There simply isn’t enough gold.
Exact figures I’ve computed prior escape me at the moment, but it’s something like:
- we’d have to acquire around 1/5th of all gold ever mined
- gold price would have to increase some 33x what it is now.
Ain’t happening.
What we need is a proper way (I’ve not yet developed an opinion on how) to have a currency whose sum total represents the total value of the USA, increasing quantity of units as the national value increases a la annual GDP, without changing the amount (”slice”) of value represented by that currency unit.
Do not the second greatly change the first?
I don’t think fixing our currency to a gold standard requires a government to own enough gold to back every dollar in circulation. I’d be curious to hear what other folks here have to say about this.
In the article, it states, “ A country doesnât need a pile of gold to make a gold-based arrangement work any more than a builder needs to have a warehouse full of measuring tapes to construct a skyscraper. “ I have to admit to being ignorant to how the gold standard works and how our system now works. (And I consider myself educated- college degree, electrical engineering.) I am weak on other economic issues like QE as well.

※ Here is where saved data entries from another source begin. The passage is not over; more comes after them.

text \<open>Lipschitz images of compact sets do not increase upper or lower box dimension:
  \<open>N\<^sub>\<delta>(A) \<le> N\<^sub>\<delta>\<^sub>/\<^sub>C(B)\<close>, and the rescaling is invisible in the logarithmic limits.\<close>
lemma box_dim_lipschitz_image:
  fixes f :: "'a::metric_space \<Rightarrow> 'b::metric_space"
  assumes f: "C-lipschitz_on B f" and AB: "A \<subseteq> f ` B" and B: "compact B"
  shows "upper_box_dim A \<le> upper_box_dim B" "lower_box_dim A \<le> lower_box_dim B"
proof -
  define C' where "C' = max 1 C"
  have f': "C'-lipschitz_on B f" and C': "C' \<ge> 1"
    using lipschitz_on_le[OF f] by (simp_all add: C'_def)
  define a where "a d = ln (real (cover_number d A))" for d
  define b where "b d = ln (real (cover_number d B))" for d
  have b0: "b d \<ge> 0" for d
    unfolding b_def by (cases "cover_number d B = 0") auto
  have ab: "a d \<le> b (d / C')" if d: "d > 0" for d
  proof (cases "cover_number d A = 0")
    case False
    have "cover_number (C' * (d / C')) A \<le> cover_number (d / C') B"
      using d C' by (intro cover_number_lipschitz_image[OF f' AB B]) simp
    thus ?thesis using False C' unfolding a_def b_def by simp
  qed (use b0 in \<open>simp add: a_def\<close>)
  show "upper_box_dim A \<le> upper_box_dim B" "lower_box_dim A \<le> lower_box_dim B"
    using log_ratio_limits_mono[where a=a and b=b, OF C' ab b0]
    unfolding upper_box_dim_def lower_box_dim_def a_def b_def by simp_all
qed

section \<open>Topological embeddings do not increase covering dimension\<close>

lemma covdim_leE:
  assumes "covdim_le S n" "finite \<U>" "\<forall>U\<in>\<U>. openin (top_of_set S) U" "S \<subseteq> \<Union>\<U>"
  obtains \<V> where "finite \<V>" "\<forall>V\<in>\<V>. openin (top_of_set S) V" "S \<subseteq> \<Union>\<V>"
    "\<forall>V\<in>\<V>. \<exists>U\<in>\<U>. V \<subseteq> U" "\<forall>x\<in>S. card {V\<in>\<V>. x \<in> V} \<le> nat (n + 1)"
proof -
  have "\<exists>\<V>. finite \<V> \<and> (\<forall>V\<in>\<V>. openin (top_of_set S) V) \<and> S \<subseteq> \<Union>\<V> \<and>
          (\<forall>V\<in>\<V>. \<exists>U\<in>\<U>. V \<subseteq> U) \<and> (\<forall>x\<in>S. card {V\<in>\<V>. x \<in> V} \<le> nat (n + 1))"
    using assms(1)[unfolded covdim_le_def, rule_format, OF conjI[OF assms(2) conjI[OF assms(3,4)]]] .
  thus ?thesis using that by blast
qed

lemma card_members_image_le:
  assumes "finite \<V>'" "\<V> \<subseteq> \<phi> ` \<V>'" "\<And>V. V \<in> \<V>' \<Longrightarrow> x \<in> \<phi> V \<Longrightarrow> y \<in> V"
  shows "card {W\<in>\<V>. x \<in> W} \<le> card {V\<in>\<V>'. y \<in> V}"
proof -
  have "{W\<in>\<V>. x \<in> W} \<subseteq> \<phi> ` {V\<in>\<V>'. y \<in> V}" using assms(2,3) by blast
  hence "card {W\<in>\<V>. x \<in> W} \<le> card (\<phi> ` {V\<in>\<V>'. y \<in> V})"
    using assms(1) by (intro card_mono) auto
  also have "\<dots> \<le> card {V\<in>\<V>'. y \<in> V}" using assms(1) by (intro card_image_le) auto
  finally show ?thesis .
qed

text \<open>Covering dimension is inherited by closed subspaces: an open cover of the subspace
  \<open>S\<close> extends, by adding \<open>S' - S\<close>, to an open cover of \<open>S'\<close>, and a refinement of the latter
  restricts back to \<open>S\<close> without increasing the order.\<close>
lemma covdim_le_closedin:
  assumes S: "closedin (top_of_set S') S" and cov: "covdim_le S' n"
  shows "covdim_le S n"
  unfolding covdim_le_def
proof (intro allI impI)
  fix \<U> :: "'a set set"
  assume U: "finite \<U> \<and> (\<forall>U\<in>\<U>. openin (top_of_set S) U) \<and> S \<subseteq> \<Union>\<U>"
  have SS': "S \<subseteq> S'" using S closedin_imp_subset by blast
  have "\<forall>U\<in>\<U>. \<exists>Ob. open Ob \<and> U = S \<inter> Ob" using U by (simp add: openin_open)
  then obtain W where W: "\<And>U. U \<in> \<U> \<Longrightarrow> open (W U) \<and> U = S \<inter> W U" by metis
  define \<U>' where "\<U>' = insert (S' - S) ((\<lambda>U. S' \<inter> W U) ` \<U>)"
  have "finite \<U>'" using U by (simp add: \<U>'_def)
  moreover have "\<forall>U'\<in>\<U>'. openin (top_of_set S') U'"
  proof -
    have "openin (top_of_set S') (S' - S)" using S by (simp add: closedin_def)
    moreover have "openin (top_of_set S') (S' \<inter> W U)" if "U \<in> \<U>" for U
      using W[OF that] by (simp add: openin_open_Int)
    ultimately show ?thesis unfolding \<U>'_def by blast
  qed
  moreover have "S' \<subseteq> \<Union>\<U>'"
  proof
    fix y assume "y \<in> S'"
    show "y \<in> \<Union>\<U>'"
    proof (cases "y \<in> S")
      case True
      then obtain U where "U \<in> \<U>" "y \<in> U" using U by blast
      thus ?thesis using W \<open>y \<in> S'\<close> unfolding \<U>'_def by blast
    qed (use \<open>y \<in> S'\<close> in \<open>auto simp: \<U>'_def\<close>)
  qed
  ultimately obtain \<V>' where \<V>': "finite \<V>'" "\<forall>V\<in>\<V>'. openin (top_of_set S') V" "S' \<subseteq> \<Union>\<V>'"
    "\<forall>V\<in>\<V>'. \<exists>U'\<in>\<U>'. V \<subseteq> U'" "\<forall>x\<in>S'. card {V\<in>\<V>'. x \<in> V} \<le> nat (n + 1)"
    by (rule covdim_leE[OF cov])
  define \<V> where "\<V> = (\<lambda>V. V \<inter> S) ` {V\<in>\<V>'. V \<inter> S \<noteq> {}}"
  have restrict_open: "openin (top_of_set S) (V \<inter> S)" if V: "V \<in> \<V>'" for V
  proof -
    obtain Ob where "open Ob" "V = S' \<inter> Ob" using \<V>'(2) V by (meson openin_open)
    hence "V \<inter> S = S \<inter> Ob" using SS' by blast
    thus ?thesis using \<open>open Ob\<close> by (simp add: openin_open_Int)
  qed
  have fin: "finite \<V>" using \<V>'(1) by (simp add: \<V>_def)
  have op: "\<forall>V\<in>\<V>. openin (top_of_set S) V" using restrict_open unfolding \<V>_def by blast
  have cv: "S \<subseteq> \<Union>\<V>" using \<V>'(3) SS' unfolding \<V>_def by blast
  have ref: "\<forall>V\<in>\<V>. \<exists>U\<in>\<U>. V \<subseteq> U"
  proof
    fix V assume "V \<in> \<V>"
    then obtain V' where V': "V' \<in> \<V>'" "V' \<inter> S \<noteq> {}" "V = V' \<inter> S" unfolding \<V>_def by blast
    then obtain U' where "U' \<in> \<U>'" "V' \<subseteq> U'" using \<V>'(4) by blast
    moreover have "\<not> V' \<subseteq> S' - S" using V'(2) by blast
    ultimately obtain U where "U \<in> \<U>" "V' \<subseteq> S' \<inter> W U" unfolding \<U>'_def by blast
    thus "\<exists>U\<in>\<U>. V \<subseteq> U" using W V'(3) by blast
  qed
  have mult: "\<forall>x\<in>S. card {V\<in>\<V>. x \<in> V} \<le> nat (n + 1)"
  proof
    fix x assume x: "x \<in> S"
    have "card {V\<in>\<V>. x \<in> V} \<le> card {V\<in>\<V>'. x \<in> V}"
      using \<V>'(1) by (rule card_members_image_le[where \<phi>="\<lambda>V. V \<inter> S"]) (auto simp: \<V>_def)
    also have "\<dots> \<le> nat (n + 1)" using \<V>'(5) x SS' by blast
    finally show "card {V\<in>\<V>. x \<in> V} \<le> nat (n + 1)" .
  qed
  show "\<exists>\<V>. finite \<V> \<and> (\<forall>V\<in>\<V>. openin (top_of_set S) V) \<and> S \<subseteq> \<Union>\<V> \<and>
             (\<forall>V\<in>\<V>. \<exists>U\<in>\<U>. V \<subseteq> U) \<and> (\<forall>x\<in>S. card {V\<in>\<V>. x \<in> V} \<le> nat (n + 1))"
    by (intro exI[of _ \<V>] conjI fin op cv ref mult)
qed

text \<open>Covering dimension is a topological invariant: covers are transported along a
  homeomorphism and refinements pulled back.\<close>
lemma covdim_le_homeomorphism:
  assumes hom: "homeomorphism S S' g g'" and cov: "covdim_le S' n"
  shows "covdim_le S n"
  unfolding covdim_le_def
proof (intro allI impI)
  fix \<U> :: "'a set set"
  assume U: "finite \<U> \<and> (\<forall>U\<in>\<U>. openin (top_of_set S) U) \<and> S \<subseteq> \<Union>\<U>"
  have g: "g ` S = S'" "g' ` S' = S" "\<And>x. x \<in> S \<Longrightarrow> g' (g x) = x" "\<And>y. y \<in> S' \<Longrightarrow> g (g' y) = y"
    using hom unfolding homeomorphism_def by auto
  have "finite ((`) g ` \<U>)" using U by simp
  moreover have "\<forall>U'\<in>(`) g ` \<U>. openin (top_of_set S') U'"
    using U homeomorphism_imp_open_map[OF hom] by blast
  moreover have "S' \<subseteq> \<Union>((`) g ` \<U>)" using U g(1) by blast
  ultimately obtain \<V>' where \<V>': "finite \<V>'" "\<forall>V\<in>\<V>'. openin (top_of_set S') V" "S' \<subseteq> \<Union>\<V>'"
    "\<forall>V\<in>\<V>'. \<exists>U'\<in>(`) g ` \<U>. V \<subseteq> U'" "\<forall>y\<in>S'. card {V\<in>\<V>'. y \<in> V} \<le> nat (n + 1)"
    by (rule covdim_leE[OF cov])
  define \<V> where "\<V> = (`) g' ` \<V>'"
  have sub: "V \<subseteq> S'" if "V \<in> \<V>'" for V using \<V>'(2) that openin_imp_subset by blast
  have fin: "finite \<V>" using \<V>'(1) by (simp add: \<V>_def)
  have op: "\<forall>V\<in>\<V>. openin (top_of_set S) V"
    using \<V>'(2) homeomorphism_imp_open_map[OF homeomorphism_symD[OF hom]] unfolding \<V>_def by blast
  have cv: "S \<subseteq> \<Union>\<V>"
  proof
    fix x assume "x \<in> S"
    then obtain V where "V \<in> \<V>'" "g x \<in> V" using \<V>'(3) g(1) by blast
    thus "x \<in> \<Union>\<V>" using g(3) \<open>x \<in> S\<close> unfolding \<V>_def by (metis UnionI image_eqI)
  qed
  have ref: "\<forall>V\<in>\<V>. \<exists>U\<in>\<U>. V \<subseteq> U"
  proof
    fix V assume "V \<in> \<V>"
    then obtain V' U where "V' \<in> \<V>'" "U \<in> \<U>" "V' \<subseteq> g ` U" "V = g' ` V'"
      using \<V>'(4) unfolding \<V>_def by blast
    moreover have "g' ` g ` U = U"
    proof -
      have "U \<subseteq> S" using U \<open>U \<in> \<U>\<close> openin_imp_subset by blast
      hence "\<And>x. x \<in> U \<Longrightarrow> g' (g x) = x" using g(3) by blast
      thus ?thesis by (simp add: image_image)
    qed
    ultimately show "\<exists>U\<in>\<U>. V \<subseteq> U" by blast
  qed
  have mult: "\<forall>x\<in>S. card {V\<in>\<V>. x \<in> V} \<le> nat (n + 1)"
  proof
    fix x assume x: "x \<in> S"
    have member: "g x \<in> V" if V: "V \<in> \<V>'" "x \<in> g' ` V" for V
    proof -
      obtain y where "y \<in> V" "x = g' y" using V(2) by blast
      thus ?thesis using g(4) sub[OF V(1)] by auto
    qed
    have "card {V\<in>\<V>. x \<in> V} \<le> card {V\<in>\<V>'. g x \<in> V}"
      using \<V>'(1) by (rule card_members_image_le[where \<phi>="(`) g'"]) (auto simp: \<V>_def member)
    also have "\<dots> \<le> nat (n + 1)" using \<V>'(5) x g(1) by blast
    finally show "card {V\<in>\<V>. x \<in> V} \<le> nat (n + 1)" .
  qed
  show "\<exists>\<V>. finite \<V> \<and> (\<forall>V\<in>\<V>. openin (top_of_set S) V) \<and> S \<subseteq> \<Union>\<V> \<and>
             (\<forall>V\<in>\<V>. \<exists>U\<in>\<U>. V \<subseteq> U) \<and> (\<forall>x\<in>S. card {V\<in>\<V>. x \<in> V} \<le> nat (n + 1))"
    by (intro exI[of _ \<V>] conjI fin op cv ref mult)
qed

text \<open>A continuous injection of a compact space is a homeomorphism onto its (closed) image,
  so the topological dimension can only go up along it.\<close>
lemma topological_dim_embedding:
  fixes g :: "'a::metric_space \<Rightarrow> 'b::metric_space"
  assumes S: "compact S" and gc: "continuous_on S g" and gi: "inj_on g S" and sub: "g ` S \<subseteq> S'"
  shows "topological_dim S \<le> topological_dim S'"
  unfolding topological_dim_def
proof (rule Inf_superset_mono, safe)
  fix n assume n: "n \<ge> -1" and cov: "covdim_le S' n"
  obtain g' where hom: "homeomorphism S (g ` S) g g'"
    using homeomorphism_compact[OF S gc refl gi] by blast
  have "closed (g ` S)" using compact_continuous_image[OF gc S] by (rule compact_imp_closed)
  hence "closedin (top_of_set S') (g ` S)" by (rule closed_subset[OF sub])
  hence "covdim_le S n" using covdim_le_homeomorphism[OF hom] covdim_le_closedin cov by blast
  thus "\<exists>n'. ereal (real_of_int n) = ereal (real_of_int n') \<and> n' \<ge> -1 \<and> covdim_le S n'"
    using n by blast
qed

theorem proposition8p1:
  fixes M :: "real^'n^'n" and m :: nat and k :: "nat \<Rightarrow> real^'n"
    and T :: "(real^'n) set" and u v :: "real^'n"
  assumes tile: "self_affine_lattice_tile M m k T"
    and u: "u \<in> nb_vertices T - {0}" and v: "v \<in> nb_vertices T - {0}"
    and uv: "nb_succ M m k T u v"
  shows "topological_dim (Bset T u) \<ge> topological_dim (Bset T v)
       \<and> hausdorff_dim (Bset T u) \<ge> hausdorff_dim (Bset T v)
       \<and> upper_box_dim (Bset T u) \<ge> upper_box_dim (Bset T v)
       \<and> lower_box_dim (Bset T u) \<ge> lower_box_dim (Bset T v)
       \<and> (is_face T v \<longrightarrow> is_face T u)"
proof -
  note T = self_affine_lattice_tileD(2)[OF tile]
  obtain g where g: "invertible_affine g" "g ` T \<subseteq> T" "g ` translate T v \<subseteq> translate T u"
    by (rule path_affine_map[OF tile uv])
  obtain h where h: "invertible_affine h" "\<And>x. h (g x) = x" "\<And>y. g (h y) = y"
    using invertible_affine_inverse[OF g(1)] by blast
  obtain C where "C-lipschitz_on UNIV h" by (rule invertible_affine_lipschitz[OF h(1)])
  hence hC: "C-lipschitz_on (Bset T u) h" by (rule lipschitz_on_subset) simp
  have gB: "g ` Bset T v \<subseteq> Bset T u" using g(2,3) unfolding Bset_def by blast
  have hB: "Bset T v \<subseteq> h ` Bset T u"
  proof
    fix x assume "x \<in> Bset T v"
    with h(2)[of x, symmetric] gB show "x \<in> h ` Bset T u" by blast
  qed
  have "topological_dim (Bset T v) \<le> topological_dim (Bset T u)"
    using h(2) by (intro topological_dim_embedding[OF compact_Bset[OF T] _ _ gB]
        invertible_affine_continuous[OF g(1)] inj_on_inverseI)
  moreover have "hausdorff_dim (Bset T v) \<le> hausdorff_dim (Bset T u)"
    by (rule hausdorff_dim_lipschitz_image[OF hC hB])
  moreover note box_dim_lipschitz_image[OF hC hB compact_Bset[OF T]]
  moreover have "is_face T v \<longrightarrow> is_face T u"
    using face_transfer[OF compact_imp_closed[OF T] _ g] u by blast
  ultimately show ?thesis by simp
qed

end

A quick math checks shows greatly different numbers than your claim.
1,390,000,000,000 dollars
http://www.federalreserve.gov/faqs/currency_12773.htm
1,123 dollars per ounce
http://www.jmbullion.com/charts/gold-price/
So the dollars in circulation equals at current prices
1,237,535,613 ounces or,
77,345,976 pounds or,
38,673 tons
In 2011, this stated all the gold that had ever been mined at:
181,881 tons
http://www.numbersleuth.org/worlds-gold/
So at current prices, 1/5 of the existing gold.
If buying gold to make that happen quadrupled the price, it would drop to 1/20.
And further, would it have to only be gold?
Yes my problem with the gold standard is that first the US has no gold to speak of and also it would push gold to about $66,000 per oz. I don’t see how you make that work although I wish we could.
Any amount of gold will work to back the dollar. All that matters is that the ratio of gold to dollars is maintained.